There is a recipe to increase your chances of survival in fast-moving house fire;
- Make sure your smoke and CO alarms are in working condition.
- Install smoke alarms in every sleeping room and outside each separate sleeping area. Install alarms on every level of the home.
- Smoke alarms should be interconnected. When one sounds, they all sound. Test them monthly.
- Close your doors at night.
- If a fire occurs and you can get out of a burning structure, get out and close doors behind you as you exit. If you can’t, put a closed door between you and the fire to buy yourself valuable time. Don’t ever go back inside a burning home.
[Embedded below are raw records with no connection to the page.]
(* Let $\mathcal H_A$ be a finite-dimensional Hilbert space, $N\ge1$, and let $\mathcal F(A)\subseteq\mathcal D(\mathcal H_A)$ be a convex set of free states, with $N$-partite free states $\mathcal F(A_1\dots A_N)=\mathrm{Conv}\big(\mathcal F(A)\otimes\dots\otimes\mathcal F(A)\big)$ ($N$ factors). Let $\mathcal F'(A)\subseteq\mathcal F(A)$ be affine and let $\Delta'$ be a resource-censoring map for $(\mathcal F(A),\mathcal F'(A))$ satisfying the standing assumptions below, which is moreover entanglement breaking. Then the censorship implemented by $(\Delta')^{\otimes N}$ is unbreakable: there is no $\rho\in\mathcal D(\mathcal H_A^{\otimes N})$ with $\rho\notin\mathcal F(A_1\dots A_N)$ and $(\Delta')^{\otimes N}(\rho)=\rho$. In particular, $\mathrm{Aff}\big(\mathcal F'(A)^{\otimes N}\big)\subseteq\mathrm{Conv}\big(\mathcal F'(A)^{\otimes N}\big)\subseteq\mathcal F(A_1\dots A_N)$.
   Context: $\mathcal D(\mathcal H)$ denotes the density operators on a finite-dimensional Hilbert space $\mathcal H$. For $S\subseteq\mathcal D(\mathcal H)$, $\mathrm{Aff}(S)=\{\sum_a t_a\sigma_a:\ \text{finitely many }\sigma_a\in S,\ t_a\in\mathbb R,\ \sum_a t_a=1\}\cap\mathcal D(\mathcal H)$ and $\mathrm{Conv}(S)$ is the same with $t_a\ge0$; $S$ is affine if $\mathrm{Aff}(S)=S$ and convex if $\mathrm{Conv}(S)=S$. $S^{\otimes N}=S\otimes\dots\otimes S=\{\rho_1\otimes\dots\otimes\rho_N:\rho_a\in S\}$. A channel is a linear completely positive trace-preserving map. A resource-censoring (RC) map for $(\mathcal F(A),\mathcal F'(A))$ is a channel $\Delta'$ on operators on $\mathcal H_A$ with $\Delta'(\rho)\in\mathcal F(A)$ for all $\rho\in\mathcal D(\mathcal H_A)$ and $\Delta'(\sigma)=\sigma$ for all $\sigma\in\mathcal F'(A)$. Standing assumptions: $\Delta'\circ\Delta'=\Delta'$ and $\mathcal F'(A)$ is exactly the set of density operators fixed by $\Delta'$. $\Delta'$ is entanglement breaking if for every finite-dimensional $\mathcal K$ and every $\rho\in\mathcal D(\mathcal K\otimes\mathcal H_A)$, $(\mathrm{id}_{\mathcal K}\otimes\Delta')(\rho)\in\mathrm{Conv}(\mathcal D(\mathcal K)\otimes\mathcal D(\mathcal H_A))$. *)

theory Defs
  imports Complex_Main "HOL-Library.FuncSet"
begin

text \<open>Operators on a finite-dimensional Hilbert space with orthonormal basis indexed by a
finite set I are represented as functions I x I -> complex (matrix entries), vanishing
outside I x I.\<close>

type_synonym 'i op = "'i \<Rightarrow> 'i \<Rightarrow> complex"

definition supp_on :: "'i set \<Rightarrow> 'i op \<Rightarrow> bool" where
  "supp_on I \<rho> \<longleftrightarrow> (\<forall>i j. i \<notin> I \<or> j \<notin> I \<longrightarrow> \<rho> i j = 0)"

definition qform :: "'i set \<Rightarrow> 'i op \<Rightarrow> ('i \<Rightarrow> complex) \<Rightarrow> complex" where
  "qform I \<rho> v = (\<Sum>i\<in>I. \<Sum>j\<in>I. cnj (v i) * \<rho> i j * v j)"

definition psd_on :: "'i set \<Rightarrow> 'i op \<Rightarrow> bool" where
  "psd_on I \<rho> \<longleftrightarrow> supp_on I \<rho> \<and> (\<forall>v. Im (qform I \<rho> v) = 0 \<and> Re (qform I \<rho> v) \<ge> 0)"

definition trace_on :: "'i set \<Rightarrow> 'i op \<Rightarrow> complex" where
  "trace_on I \<rho> = (\<Sum>i\<in>I. \<rho> i i)"

definition dens :: "'i set \<Rightarrow> 'i op set" where
  "dens I = {\<rho>. psd_on I \<rho> \<and> trace_on I \<rho> = 1}"

definition lin_comb :: "'i op set \<Rightarrow> ('i op \<Rightarrow> real) \<Rightarrow> 'i op" where
  "lin_comb F t = (\<lambda>i j. \<Sum>\<sigma>\<in>F. complex_of_real (t \<sigma>) * \<sigma> i j)"

definition Aff :: "'i set \<Rightarrow> 'i op set \<Rightarrow> 'i op set" where
  "Aff I S = {\<rho>. \<exists>F t. finite F \<and> F \<subseteq> S \<and> sum t F = 1 \<and> \<rho> = lin_comb F t} \<inter> dens I"

definition Conv :: "'i set \<Rightarrow> 'i op set \<Rightarrow> 'i op set" where
  "Conv I S = {\<rho>. \<exists>F t. finite F \<and> F \<subseteq> S \<and> (\<forall>\<sigma>\<in>F. t \<sigma> \<ge> 0) \<and> sum t F = 1
                   \<and> \<rho> = lin_comb F t} \<inter> dens I"

text \<open>N-fold tensor product H_A^{\<otimes>N}: basis indexed by functions {..<N} -> 'a (extensional).\<close>
definition IN :: "nat \<Rightarrow> (nat \<Rightarrow> 'a) set" where
  "IN N = PiE {..<N} (\<lambda>_. UNIV)"

definition tensor :: "nat \<Rightarrow> (nat \<Rightarrow> 'a op) \<Rightarrow> (nat \<Rightarrow> 'a) op" where
  "tensor N \<rho>s = (\<lambda>i j. if i \<in> IN N \<and> j \<in> IN N then \<Prod>a<N. \<rho>s a (i a) (j a) else 0)"

definition tensor_set :: "nat \<Rightarrow> 'a op set \<Rightarrow> (nat \<Rightarrow> 'a) op set" where
  "tensor_set N S = {tensor N \<rho>s | \<rho>s. \<forall>a<N. \<rho>s a \<in> S}"

definition unit_op :: "'a \<Rightarrow> 'a \<Rightarrow> 'a op" where
  "unit_op k l = (\<lambda>x y. if x = k \<and> y = l then 1 else 0)"

text \<open>The tensor power \<Phi>^{\<otimes>N} of a linear map \<Phi>, defined on matrix units.\<close>
definition tpow :: "nat \<Rightarrow> ('a op \<Rightarrow> 'a op) \<Rightarrow> (nat \<Rightarrow> 'a) op \<Rightarrow> (nat \<Rightarrow> 'a) op" where
  "tpow N \<Phi> \<rho> = (\<lambda>i j. \<Sum>k\<in>IN N. \<Sum>l\<in>IN N.
       \<rho> k l * tensor N (\<lambda>a. \<Phi> (unit_op (k a) (l a))) i j)"

text \<open>id_K \<otimes> \<Phi> for K = C^m (basis {..<m}), acting blockwise.\<close>
definition id_tensor :: "nat \<Rightarrow> ('a op \<Rightarrow> 'a op) \<Rightarrow> (nat \<times> 'a) op \<Rightarrow> (nat \<times> 'a) op" where
  "id_tensor m \<Phi> \<rho> = (\<lambda>(k, x) (l, y).
       if k < m \<and> l < m then \<Phi> (\<lambda>x' y'. \<rho> (k, x') (l, y')) x y else 0)"

definition channel :: "('a::finite op \<Rightarrow> 'a op) \<Rightarrow> bool" where
  "channel \<Phi> \<longleftrightarrow>
     (\<forall>\<rho> \<sigma>. \<Phi> (\<lambda>i j. \<rho> i j + \<sigma> i j) = (\<lambda>i j. \<Phi> \<rho> i j + \<Phi> \<sigma> i j)) \<and>
     (\<forall>c \<rho>. \<Phi> (\<lambda>i j. c * \<rho> i j) = (\<lambda>i j. c * \<Phi> \<rho> i j)) \<and>
     (\<forall>m \<rho>. psd_on ({..<m} \<times> UNIV) \<rho> \<longrightarrow> psd_on ({..<m} \<times> UNIV) (id_tensor m \<Phi> \<rho>)) \<and>
     (\<forall>\<rho>. trace_on UNIV (\<Phi> \<rho>) = trace_on UNIV \<rho>)"

definition RC_map :: "'a::finite op set \<Rightarrow> 'a op set \<Rightarrow> ('a op \<Rightarrow> 'a op) \<Rightarrow> bool" where
  "RC_map F F' \<Delta> \<longleftrightarrow> channel \<Delta> \<and> (\<forall>\<rho>\<in>dens UNIV. \<Delta> \<rho> \<in> F) \<and> (\<forall>\<sigma>\<in>F'. \<Delta> \<sigma> = \<sigma>)"

definition prod_states :: "nat \<Rightarrow> (nat \<times> 'a::finite) op set" where
  "prod_states m = {(\<lambda>(k, x) (l, y). \<sigma> k l * \<tau> x y) | \<sigma> \<tau>.
                      \<sigma> \<in> dens {..<m} \<and> \<tau> \<in> dens UNIV}"

definition entanglement_breaking :: "('a::finite op \<Rightarrow> 'a op) \<Rightarrow> bool" where
  "entanglement_breaking \<Phi> \<longleftrightarrow>
     (\<forall>m \<rho>. \<rho> \<in> dens ({..<m} \<times> UNIV) \<longrightarrow>
        id_tensor m \<Phi> \<rho> \<in> Conv ({..<m} \<times> UNIV) (prod_states m))"

end

theory Submission
  imports Defs
begin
- For parents worried about not hearing their children in the middle of the night with a door closed, simply place a baby monitor in your child’s room. If you can’t get to your children’s room because you’re cut off by smoke the closed door will provide a safety barrier and you know your children have longer to survive in that situation.
- Have an escape plan, identify multiple escape routes from every room and practice them as a family at various hours.
After a fire starts, there’s little time to act. Take these fire safety and prevention steps today and you’ll sleep easier at night.